(Stored data)
◆ ◆ ◆ ◆ ◆ ◆ ◆

(* Consider the lattice Boltzmann scheme described in the context under acoustic scaling, with a prepared initialisation $w_i=\sum_{\mathfrak{e}}w_{i,\mathfrak{e}}x^{\mathfrak{e}}$ (finitely supported coefficients) satisfying $$\sum_{\mathfrak{e}}w_{1,\mathfrak{e}}=1,\qquad \sum_{\mathfrak{e}}w_{1,\mathfrak{e}}\mathfrak{e}^{\mathfrak{n}}=0\ \text{ for every } |\mathfrak{n}|=1,$$ and, for every $r\in\{2,\dots,q\}$ with $\mathcal{G}_{1r}\neq0$, $\sum_{\mathfrak{e}}w_{r,\mathfrak{e}}=\epsilon_r$. Then for every $n\in\mathbb{N}^*$ the modified equation of the $n$-th starting scheme reads $\partial_t\phi(0,x)+\lambda(\mathcal{G}_{11}+\sum_{r=2}^q\mathcal{G}_{1r}\epsilon_r)\phi(0,x)=O(\Delta x)$, i.e. the starting schemes are consistent with the modified equation of the bulk finite difference scheme at order $O(\Delta x)$. Moreover the initial datum $m_1(0,\cdot)=w_1m_1^\circ$ is consistent with the initial datum of the Cauchy problem up to order $O(\Delta x^2)$, i.e. $(w_1\phi)(x)=\phi(x)+O(\Delta x^2)$ for smooth $\phi$.
   Context: Fix $d\ge1$, $q\ge1$, velocities $c_1,\dots,c_q\in\mathbb{Z}^d$, invertible $M$, $S=\mathrm{diag}(s_1,\dots,s_q)$ with $s_i\in(0,2]$ for $i\ge2$, $\epsilon\in\mathbb{R}^q$, $\epsilon_1=1$, all independent of $\Delta x$; $K=I-S(I-\epsilon e_1^T)$; acoustic scaling $\Delta t=\Delta x/\lambda$ with $\lambda>0$ fixed. Shifts $(x_\ell\phi)(x)=\phi(x-\Delta xe_\ell)$, $x^{\mathfrak{e}}=\prod x_\ell^{\mathfrak{e}_\ell}$, $\mathfrak{e}^{\mathfrak{n}}=\prod\mathfrak{e}_\ell^{\mathfrak{n}_\ell}$. $T=M\mathrm{diag}(x^{c_1},\dots,x^{c_q})M^{-1}$, $E=TK$, $(z\phi)(t)=\phi(t+\Delta t)$. $\mathcal{G}=M\mathrm{diag}(c_1\cdot\nabla,\dots,c_q\cdot\nabla)M^{-1}$. The target Cauchy problem is $\partial_tu+V\cdot\nabla u=0$, $u(0,\cdot)=u^\circ$, with point-wise lattice discretisation $m_1^\circ$ of $u^\circ$. Initialisation $m(0,x)=w\,m_1^\circ(x)$. The $n$-th starting scheme is $m_1(n\Delta t,x)=(E^nw)_1m_1^\circ(x)$; its modified equation is obtained by substituting a smooth $\phi$ into $(z^n\phi)(0,x)=((E^nw)_1\phi(0,\cdot))(x)$, Taylor-expanding in $\Delta x$, and dividing the first-order terms by $n\Delta x/\lambda$. The bulk finite difference scheme is $z^{Q+1-q}\det(zI-E)m_1=0$ ($Q$ the number of $i\ge2$ with $s_i\ne1$), whose modified equation at leading order is $\partial_t\phi+\lambda(\mathcal{G}_{11}+\sum_{r\ge2}\mathcal{G}_{1r}\epsilon_r)\phi=O(\Delta x)$. *)

theory Defs
  imports "HOL-Analysis.Analysis" "HOL-Library.Landau_Symbols"
begin

fun Ck :: "nat \<Rightarrow> ('a::real_normed_vector \<Rightarrow> 'b::real_normed_vector) \<Rightarrow> bool" where
  "Ck 0 f = continuous_on UNIV f"
| "Ck (Suc k) f = ((\<forall>x. f differentiable (at x)) \<and> continuous_on UNIV f \<and>
      (\<forall>v. Ck k (\<lambda>x. frechet_derivative f (at x) v)))"

definition smooth :: "('a::real_normed_vector \<Rightarrow> 'b::real_normed_vector) \<Rightarrow> bool" where
  "smooth f \<longleftrightarrow> (\<forall>k. Ck k f)"

definition rvec :: "int ^ 'd \<Rightarrow> real ^ 'd" where
  "rvec e = (\<chi> l. of_int (e $ l))"

definition supp :: "(int ^ 'd \<Rightarrow> real) \<Rightarrow> (int ^ 'd) set" where
  "supp P = {e. P e \<noteq> 0}"

text \<open>Action of the shift polynomial  P = sum_e P_e x^e  on a lattice function:
  (x^e phi)(x) = phi(x - dx e).\<close>
definition shift_apply :: "real \<Rightarrow> (int ^ 'd \<Rightarrow> real) \<Rightarrow> (real ^ 'd \<Rightarrow> real) \<Rightarrow> real ^ 'd \<Rightarrow> real" where
  "shift_apply dx P \<phi> x = (\<Sum>e\<in>supp P. P e * \<phi> (x - dx *\<^sub>R rvec e))"

text \<open>Relaxation matrix K = I - S(I - eps e_1^T), S = diag(s_1..s_q), indices 1..q.\<close>
definition Kmat :: "(nat \<Rightarrow> real) \<Rightarrow> (nat \<Rightarrow> real) \<Rightarrow> nat \<Rightarrow> nat \<Rightarrow> real" where
  "Kmat s \<epsilon> i j = (if i = j then 1 else 0) - s i * ((if i = j then 1 else 0) - \<epsilon> i * (if j = 1 then 1 else 0))"

text \<open>Action of T = M diag(x^{c_1},...,x^{c_q}) M^{-1} on a vector of lattice functions.\<close>
definition T_apply :: "nat \<Rightarrow> real \<Rightarrow> (nat \<Rightarrow> int ^ 'd) \<Rightarrow> (nat \<Rightarrow> nat \<Rightarrow> real) \<Rightarrow> (nat \<Rightarrow> nat \<Rightarrow> real)
    \<Rightarrow> (nat \<Rightarrow> real ^ 'd \<Rightarrow> real) \<Rightarrow> nat \<Rightarrow> real ^ 'd \<Rightarrow> real" where
  "T_apply q dx c M Minv f i x =
     (\<Sum>k=1..q. M i k * (\<Sum>j=1..q. Minv k j * f j (x - dx *\<^sub>R rvec (c k))))"

definition E_apply :: "nat \<Rightarrow> real \<Rightarrow> (nat \<Rightarrow> int ^ 'd) \<Rightarrow> (nat \<Rightarrow> nat \<Rightarrow> real) \<Rightarrow> (nat \<Rightarrow> nat \<Rightarrow> real)
    \<Rightarrow> (nat \<Rightarrow> real) \<Rightarrow> (nat \<Rightarrow> real)
    \<Rightarrow> (nat \<Rightarrow> real ^ 'd \<Rightarrow> real) \<Rightarrow> nat \<Rightarrow> real ^ 'd \<Rightarrow> real" where
  "E_apply q dx c M Minv s \<epsilon> f =
     T_apply q dx c M Minv (\<lambda>j y. \<Sum>l=1..q. Kmat s \<epsilon> j l * f l y)"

◆ ◆ ◆ ◆ ◆ ◆ ◆

REQUIREMENT: Take every line above carrying "definition" and return it.

THE ANSWER:
definition smooth :: "('a::real_normed_vector \<Rightarrow> 'b::real_normed_vector) \<Rightarrow> bool" where
definition rvec :: "int ^ 'd \<Rightarrow> real ^ 'd" where
definition supp :: "(int ^ 'd \<Rightarrow> real) \<Rightarrow> (int ^ 'd) set" where
definition shift_apply :: "real \<Rightarrow> (int ^ 'd \<Rightarrow> real) \<Rightarrow> (real ^ 'd \<Rightarrow> real) \<Rightarrow> real ^ 'd \<Rightarrow> real" where
definition Kmat :: "(nat \<Rightarrow> real) \<Rightarrow> (nat \<Rightarrow> real) \<Rightarrow> nat \<Rightarrow> nat \<Rightarrow> real" where
definition T_apply :: "nat \<Rightarrow> real \<Rightarrow> (nat \<Rightarrow> int ^ 'd) \<Rightarrow> (nat \<Rightarrow> nat \<Rightarrow> real) \<Rightarrow> (nat \<Rightarrow> nat \<Rightarrow> real)
definition E_apply :: "nat \<Rightarrow> real \<Rightarrow> (nat \<Rightarrow> int ^ 'd) \<Rightarrow> (nat \<Rightarrow> nat \<Rightarrow> real) \<Rightarrow> (nat \<Rightarrow> nat \<Rightarrow> real)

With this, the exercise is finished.